Data excerpts
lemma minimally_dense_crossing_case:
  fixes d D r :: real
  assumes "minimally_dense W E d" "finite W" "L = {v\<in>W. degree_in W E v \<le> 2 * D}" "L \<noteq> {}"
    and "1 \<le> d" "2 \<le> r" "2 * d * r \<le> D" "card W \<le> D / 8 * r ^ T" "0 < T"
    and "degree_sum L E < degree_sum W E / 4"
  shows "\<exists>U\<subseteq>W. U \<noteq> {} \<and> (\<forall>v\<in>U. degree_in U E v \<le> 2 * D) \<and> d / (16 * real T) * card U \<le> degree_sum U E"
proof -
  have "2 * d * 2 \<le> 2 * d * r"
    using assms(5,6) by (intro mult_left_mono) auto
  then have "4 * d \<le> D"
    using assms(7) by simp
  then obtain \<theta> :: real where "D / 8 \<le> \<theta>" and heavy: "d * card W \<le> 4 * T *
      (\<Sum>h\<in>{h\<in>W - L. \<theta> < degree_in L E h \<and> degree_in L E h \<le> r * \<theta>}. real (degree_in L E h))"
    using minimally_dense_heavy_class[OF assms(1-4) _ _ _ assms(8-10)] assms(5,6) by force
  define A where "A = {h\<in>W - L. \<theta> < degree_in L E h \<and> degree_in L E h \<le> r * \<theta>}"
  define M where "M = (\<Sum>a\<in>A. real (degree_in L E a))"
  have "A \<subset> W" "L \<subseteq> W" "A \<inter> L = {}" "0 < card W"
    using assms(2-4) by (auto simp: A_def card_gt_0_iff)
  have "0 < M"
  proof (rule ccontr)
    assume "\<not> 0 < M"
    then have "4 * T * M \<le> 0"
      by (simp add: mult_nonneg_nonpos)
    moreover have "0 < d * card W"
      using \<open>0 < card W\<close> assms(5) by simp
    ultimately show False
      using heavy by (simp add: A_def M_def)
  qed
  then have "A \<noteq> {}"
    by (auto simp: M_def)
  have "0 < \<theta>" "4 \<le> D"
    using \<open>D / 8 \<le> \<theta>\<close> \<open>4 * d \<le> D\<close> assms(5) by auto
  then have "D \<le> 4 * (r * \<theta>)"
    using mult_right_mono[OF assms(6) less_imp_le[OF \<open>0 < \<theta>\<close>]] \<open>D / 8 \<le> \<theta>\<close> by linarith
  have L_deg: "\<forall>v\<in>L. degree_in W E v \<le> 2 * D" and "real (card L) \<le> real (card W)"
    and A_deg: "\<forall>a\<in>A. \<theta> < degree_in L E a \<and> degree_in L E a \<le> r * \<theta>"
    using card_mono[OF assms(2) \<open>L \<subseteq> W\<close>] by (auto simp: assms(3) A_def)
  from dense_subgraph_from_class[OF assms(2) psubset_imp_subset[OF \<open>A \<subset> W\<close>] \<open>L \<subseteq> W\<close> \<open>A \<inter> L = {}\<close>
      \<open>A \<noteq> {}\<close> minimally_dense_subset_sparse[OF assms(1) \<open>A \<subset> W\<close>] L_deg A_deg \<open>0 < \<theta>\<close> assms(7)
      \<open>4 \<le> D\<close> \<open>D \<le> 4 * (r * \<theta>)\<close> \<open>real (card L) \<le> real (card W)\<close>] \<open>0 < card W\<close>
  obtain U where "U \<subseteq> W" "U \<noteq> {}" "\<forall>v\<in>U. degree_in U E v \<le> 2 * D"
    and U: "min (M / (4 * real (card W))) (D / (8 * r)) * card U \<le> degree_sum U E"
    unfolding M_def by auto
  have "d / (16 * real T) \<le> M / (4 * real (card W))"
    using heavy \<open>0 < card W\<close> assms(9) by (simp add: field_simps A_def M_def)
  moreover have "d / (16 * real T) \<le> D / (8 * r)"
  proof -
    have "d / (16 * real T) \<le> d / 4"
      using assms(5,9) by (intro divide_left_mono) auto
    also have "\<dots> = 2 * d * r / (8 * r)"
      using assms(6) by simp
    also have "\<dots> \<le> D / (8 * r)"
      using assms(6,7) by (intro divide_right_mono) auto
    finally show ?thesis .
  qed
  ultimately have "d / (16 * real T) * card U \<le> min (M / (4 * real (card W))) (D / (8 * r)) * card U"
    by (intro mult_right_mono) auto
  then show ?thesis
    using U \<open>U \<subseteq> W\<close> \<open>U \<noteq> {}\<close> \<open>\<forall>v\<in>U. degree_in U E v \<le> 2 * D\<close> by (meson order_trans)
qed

--

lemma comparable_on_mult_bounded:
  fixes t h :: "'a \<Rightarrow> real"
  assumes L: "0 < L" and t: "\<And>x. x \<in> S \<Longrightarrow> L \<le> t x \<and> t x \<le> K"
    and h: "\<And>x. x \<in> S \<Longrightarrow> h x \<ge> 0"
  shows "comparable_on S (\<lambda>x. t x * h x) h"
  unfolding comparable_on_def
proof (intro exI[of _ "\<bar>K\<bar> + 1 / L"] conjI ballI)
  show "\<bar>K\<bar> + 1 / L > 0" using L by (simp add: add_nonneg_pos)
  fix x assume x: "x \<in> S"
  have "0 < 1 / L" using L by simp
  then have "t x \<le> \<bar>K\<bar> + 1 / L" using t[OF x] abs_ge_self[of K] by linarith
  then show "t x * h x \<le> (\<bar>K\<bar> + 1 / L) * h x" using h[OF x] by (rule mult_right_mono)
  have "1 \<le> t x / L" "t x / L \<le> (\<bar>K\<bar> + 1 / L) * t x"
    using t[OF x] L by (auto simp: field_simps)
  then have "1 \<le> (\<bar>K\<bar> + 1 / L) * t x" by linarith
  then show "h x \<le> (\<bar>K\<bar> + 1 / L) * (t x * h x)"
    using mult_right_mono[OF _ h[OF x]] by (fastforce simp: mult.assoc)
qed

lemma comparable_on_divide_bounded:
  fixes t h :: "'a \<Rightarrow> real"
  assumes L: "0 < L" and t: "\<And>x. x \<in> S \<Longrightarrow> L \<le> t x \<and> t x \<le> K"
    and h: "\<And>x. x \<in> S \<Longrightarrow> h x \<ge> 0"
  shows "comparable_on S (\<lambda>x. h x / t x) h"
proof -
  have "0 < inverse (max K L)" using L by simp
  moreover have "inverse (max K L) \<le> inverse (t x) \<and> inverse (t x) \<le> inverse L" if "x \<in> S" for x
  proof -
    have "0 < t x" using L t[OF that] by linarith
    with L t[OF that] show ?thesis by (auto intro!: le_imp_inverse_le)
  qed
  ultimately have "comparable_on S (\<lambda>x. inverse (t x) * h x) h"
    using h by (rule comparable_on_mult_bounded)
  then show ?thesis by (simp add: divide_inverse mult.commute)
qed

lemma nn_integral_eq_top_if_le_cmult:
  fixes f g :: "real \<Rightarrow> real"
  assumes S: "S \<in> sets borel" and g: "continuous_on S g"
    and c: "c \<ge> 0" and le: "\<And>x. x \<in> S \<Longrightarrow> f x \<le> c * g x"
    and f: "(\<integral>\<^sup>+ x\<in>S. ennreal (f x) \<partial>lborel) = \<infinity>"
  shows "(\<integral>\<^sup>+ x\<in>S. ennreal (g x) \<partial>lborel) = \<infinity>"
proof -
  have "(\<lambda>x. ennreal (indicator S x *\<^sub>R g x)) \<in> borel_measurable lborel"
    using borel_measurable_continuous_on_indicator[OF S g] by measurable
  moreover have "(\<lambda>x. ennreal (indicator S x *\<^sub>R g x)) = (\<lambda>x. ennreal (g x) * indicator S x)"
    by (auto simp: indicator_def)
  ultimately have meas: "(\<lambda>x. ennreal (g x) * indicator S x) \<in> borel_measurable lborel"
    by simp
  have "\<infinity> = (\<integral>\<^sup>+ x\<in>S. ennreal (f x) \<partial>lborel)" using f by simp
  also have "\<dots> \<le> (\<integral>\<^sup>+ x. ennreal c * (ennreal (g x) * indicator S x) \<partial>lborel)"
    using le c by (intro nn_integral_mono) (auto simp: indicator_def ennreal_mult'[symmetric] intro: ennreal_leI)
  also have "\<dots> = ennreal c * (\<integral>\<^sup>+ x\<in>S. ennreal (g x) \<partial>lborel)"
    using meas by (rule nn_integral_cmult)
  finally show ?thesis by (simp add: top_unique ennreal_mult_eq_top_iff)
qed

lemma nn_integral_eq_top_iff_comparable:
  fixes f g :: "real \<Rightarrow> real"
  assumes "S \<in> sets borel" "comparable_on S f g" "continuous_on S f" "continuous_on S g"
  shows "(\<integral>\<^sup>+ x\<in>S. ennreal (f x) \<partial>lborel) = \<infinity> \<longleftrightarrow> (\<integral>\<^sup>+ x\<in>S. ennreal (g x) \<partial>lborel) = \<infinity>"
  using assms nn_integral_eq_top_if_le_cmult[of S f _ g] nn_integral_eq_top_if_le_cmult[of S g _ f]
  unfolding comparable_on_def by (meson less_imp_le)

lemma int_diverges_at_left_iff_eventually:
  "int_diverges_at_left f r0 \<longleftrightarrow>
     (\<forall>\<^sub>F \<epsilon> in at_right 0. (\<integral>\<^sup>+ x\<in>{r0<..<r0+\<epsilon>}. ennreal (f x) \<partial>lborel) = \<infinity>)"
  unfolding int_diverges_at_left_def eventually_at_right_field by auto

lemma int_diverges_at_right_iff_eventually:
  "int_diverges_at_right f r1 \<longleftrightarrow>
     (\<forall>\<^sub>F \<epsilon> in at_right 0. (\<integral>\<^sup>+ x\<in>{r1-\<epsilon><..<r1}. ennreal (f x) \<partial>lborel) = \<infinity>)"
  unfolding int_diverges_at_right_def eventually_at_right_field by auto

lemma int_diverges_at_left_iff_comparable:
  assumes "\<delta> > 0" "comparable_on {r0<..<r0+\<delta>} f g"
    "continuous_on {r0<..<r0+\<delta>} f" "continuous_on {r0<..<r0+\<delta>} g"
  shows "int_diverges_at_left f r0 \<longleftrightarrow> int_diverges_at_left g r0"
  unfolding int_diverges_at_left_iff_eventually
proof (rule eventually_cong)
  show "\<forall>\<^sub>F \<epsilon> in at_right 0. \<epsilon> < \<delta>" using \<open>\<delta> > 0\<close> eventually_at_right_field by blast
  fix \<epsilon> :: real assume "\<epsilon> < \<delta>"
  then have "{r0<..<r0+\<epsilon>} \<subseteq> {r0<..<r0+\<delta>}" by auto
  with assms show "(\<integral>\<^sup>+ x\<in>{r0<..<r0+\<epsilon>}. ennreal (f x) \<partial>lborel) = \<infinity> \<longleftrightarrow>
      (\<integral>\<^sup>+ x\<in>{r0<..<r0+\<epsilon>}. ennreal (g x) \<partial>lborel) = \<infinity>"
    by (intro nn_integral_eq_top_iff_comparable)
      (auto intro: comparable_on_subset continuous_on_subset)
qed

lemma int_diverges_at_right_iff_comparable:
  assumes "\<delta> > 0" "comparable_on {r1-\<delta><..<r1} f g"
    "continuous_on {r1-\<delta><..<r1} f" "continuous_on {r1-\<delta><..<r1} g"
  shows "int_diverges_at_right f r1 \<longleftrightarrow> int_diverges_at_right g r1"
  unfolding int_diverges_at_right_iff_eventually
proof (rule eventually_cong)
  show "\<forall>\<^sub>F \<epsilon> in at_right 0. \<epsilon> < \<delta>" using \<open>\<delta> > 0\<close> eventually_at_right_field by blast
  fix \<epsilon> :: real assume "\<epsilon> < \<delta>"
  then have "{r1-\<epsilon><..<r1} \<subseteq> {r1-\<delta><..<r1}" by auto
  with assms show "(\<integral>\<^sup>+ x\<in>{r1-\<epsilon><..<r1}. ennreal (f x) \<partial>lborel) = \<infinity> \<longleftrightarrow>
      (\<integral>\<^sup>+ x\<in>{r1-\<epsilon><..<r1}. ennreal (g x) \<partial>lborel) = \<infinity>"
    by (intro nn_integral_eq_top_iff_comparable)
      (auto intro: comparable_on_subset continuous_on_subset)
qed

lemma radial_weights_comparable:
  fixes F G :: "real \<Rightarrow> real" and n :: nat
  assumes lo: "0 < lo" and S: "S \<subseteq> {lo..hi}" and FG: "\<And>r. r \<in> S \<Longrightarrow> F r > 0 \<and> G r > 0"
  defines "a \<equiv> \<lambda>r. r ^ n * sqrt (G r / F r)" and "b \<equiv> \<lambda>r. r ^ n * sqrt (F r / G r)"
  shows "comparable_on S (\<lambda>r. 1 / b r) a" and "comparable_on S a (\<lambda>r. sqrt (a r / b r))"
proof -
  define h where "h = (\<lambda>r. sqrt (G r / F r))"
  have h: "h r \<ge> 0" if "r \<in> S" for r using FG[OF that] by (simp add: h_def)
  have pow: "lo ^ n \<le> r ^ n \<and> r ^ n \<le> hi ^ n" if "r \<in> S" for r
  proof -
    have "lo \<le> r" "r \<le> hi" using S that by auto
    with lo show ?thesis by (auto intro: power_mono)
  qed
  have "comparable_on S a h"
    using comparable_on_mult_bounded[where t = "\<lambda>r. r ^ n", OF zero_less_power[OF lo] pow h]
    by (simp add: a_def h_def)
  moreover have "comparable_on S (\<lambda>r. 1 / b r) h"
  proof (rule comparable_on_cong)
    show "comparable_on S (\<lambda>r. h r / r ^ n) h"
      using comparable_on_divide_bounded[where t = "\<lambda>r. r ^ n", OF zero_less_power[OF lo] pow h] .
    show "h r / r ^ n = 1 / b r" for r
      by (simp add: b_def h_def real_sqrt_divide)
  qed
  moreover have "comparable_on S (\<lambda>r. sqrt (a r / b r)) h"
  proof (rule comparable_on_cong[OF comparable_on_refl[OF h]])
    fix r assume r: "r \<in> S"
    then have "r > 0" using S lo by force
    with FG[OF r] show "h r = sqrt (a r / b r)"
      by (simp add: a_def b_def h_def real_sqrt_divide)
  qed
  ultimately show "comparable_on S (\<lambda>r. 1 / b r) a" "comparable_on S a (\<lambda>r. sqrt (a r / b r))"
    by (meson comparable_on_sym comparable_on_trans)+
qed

**Your assignment**
Above are the lines; repeat exactly the ones from the line containing "by (auto simp: indicator_def)" down to the line containing "using le c by", both inclusive.

**Response area**
    by (auto simp: indicator_def)
  ultimately have meas: "(\<lambda>x. ennreal (g x) * indicator S x) \<in> borel_measurable lborel"
    by simp
  have "\<infinity> = (\<integral>\<^sup>+ x\<in>S. ennreal (f x) \<partial>lborel)" using f by simp
  also have "\<dots> \<le> (\<integral>\<^sup>+ x. ennreal c * (ennreal (g x) * indicator S x) \<partial>lborel)"
    using le c by (intro nn_integral_mono) (auto simp: indicator_def ennreal_mult'[symmetric] intro: ennreal_leI)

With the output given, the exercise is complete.